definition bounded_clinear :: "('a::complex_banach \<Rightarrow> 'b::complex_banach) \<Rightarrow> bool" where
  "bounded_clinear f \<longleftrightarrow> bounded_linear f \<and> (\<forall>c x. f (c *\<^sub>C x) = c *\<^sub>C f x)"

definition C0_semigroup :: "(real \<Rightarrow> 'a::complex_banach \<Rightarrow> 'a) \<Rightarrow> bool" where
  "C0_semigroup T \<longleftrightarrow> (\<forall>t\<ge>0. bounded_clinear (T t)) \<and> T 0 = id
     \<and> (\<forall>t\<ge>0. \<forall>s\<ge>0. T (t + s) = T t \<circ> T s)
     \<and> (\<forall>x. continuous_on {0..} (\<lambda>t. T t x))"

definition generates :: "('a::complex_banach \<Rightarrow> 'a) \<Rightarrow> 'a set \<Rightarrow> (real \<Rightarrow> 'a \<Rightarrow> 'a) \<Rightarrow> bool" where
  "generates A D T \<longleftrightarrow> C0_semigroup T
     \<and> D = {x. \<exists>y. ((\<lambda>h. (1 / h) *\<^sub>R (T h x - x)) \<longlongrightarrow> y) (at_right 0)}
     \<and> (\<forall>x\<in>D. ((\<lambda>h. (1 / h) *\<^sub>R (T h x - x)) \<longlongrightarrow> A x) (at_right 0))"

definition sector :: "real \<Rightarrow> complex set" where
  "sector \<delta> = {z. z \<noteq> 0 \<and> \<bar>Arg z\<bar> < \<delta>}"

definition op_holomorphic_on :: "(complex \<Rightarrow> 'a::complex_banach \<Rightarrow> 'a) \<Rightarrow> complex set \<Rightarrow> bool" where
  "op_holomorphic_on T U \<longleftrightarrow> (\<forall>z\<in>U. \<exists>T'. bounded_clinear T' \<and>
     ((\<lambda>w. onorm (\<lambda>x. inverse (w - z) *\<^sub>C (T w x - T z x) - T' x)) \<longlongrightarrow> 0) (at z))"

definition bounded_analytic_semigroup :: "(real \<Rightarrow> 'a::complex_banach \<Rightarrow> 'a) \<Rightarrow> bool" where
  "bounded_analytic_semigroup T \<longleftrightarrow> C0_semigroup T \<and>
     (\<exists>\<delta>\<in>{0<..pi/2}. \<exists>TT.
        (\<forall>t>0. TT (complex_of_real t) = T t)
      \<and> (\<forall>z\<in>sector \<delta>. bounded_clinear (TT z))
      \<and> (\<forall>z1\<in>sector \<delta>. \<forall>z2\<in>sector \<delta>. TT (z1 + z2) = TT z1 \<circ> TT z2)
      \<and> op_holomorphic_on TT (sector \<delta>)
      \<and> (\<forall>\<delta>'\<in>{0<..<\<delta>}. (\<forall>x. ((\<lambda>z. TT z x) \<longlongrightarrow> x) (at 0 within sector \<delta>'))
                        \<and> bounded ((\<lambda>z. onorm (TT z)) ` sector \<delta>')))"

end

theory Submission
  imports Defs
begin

-*-

■ **PROBLEM TO WORK ON**
Whenever the word "longlongrightarrow" shows up in a line above, copy that line.

■ **EXPECTED ANSWER**
     \<and> D = {x. \<exists>y. ((\<lambda>h. (1 / h) *\<^sub>R (T h x - x)) \<longlongrightarrow> y) (at_right 0)}
     \<and> (\<forall>x\<in>D. ((\<lambda>h. (1 / h) *\<^sub>R (T h x - x)) \<longlongrightarrow> A x) (at_right 0))"
     ((\<lambda>w. onorm (\<lambda>x. inverse (w - z) *\<^sub>C (T w x - T z x) - T' x)) \<longlongrightarrow> 0) (at z))"
      \<and> (\<forall>\<delta>'\<in>{0<..<\<delta>}. (\<forall>x. ((\<lambda>z. TT z x) \<longlongrightarrow> x) (at 0 within sector \<delta>'))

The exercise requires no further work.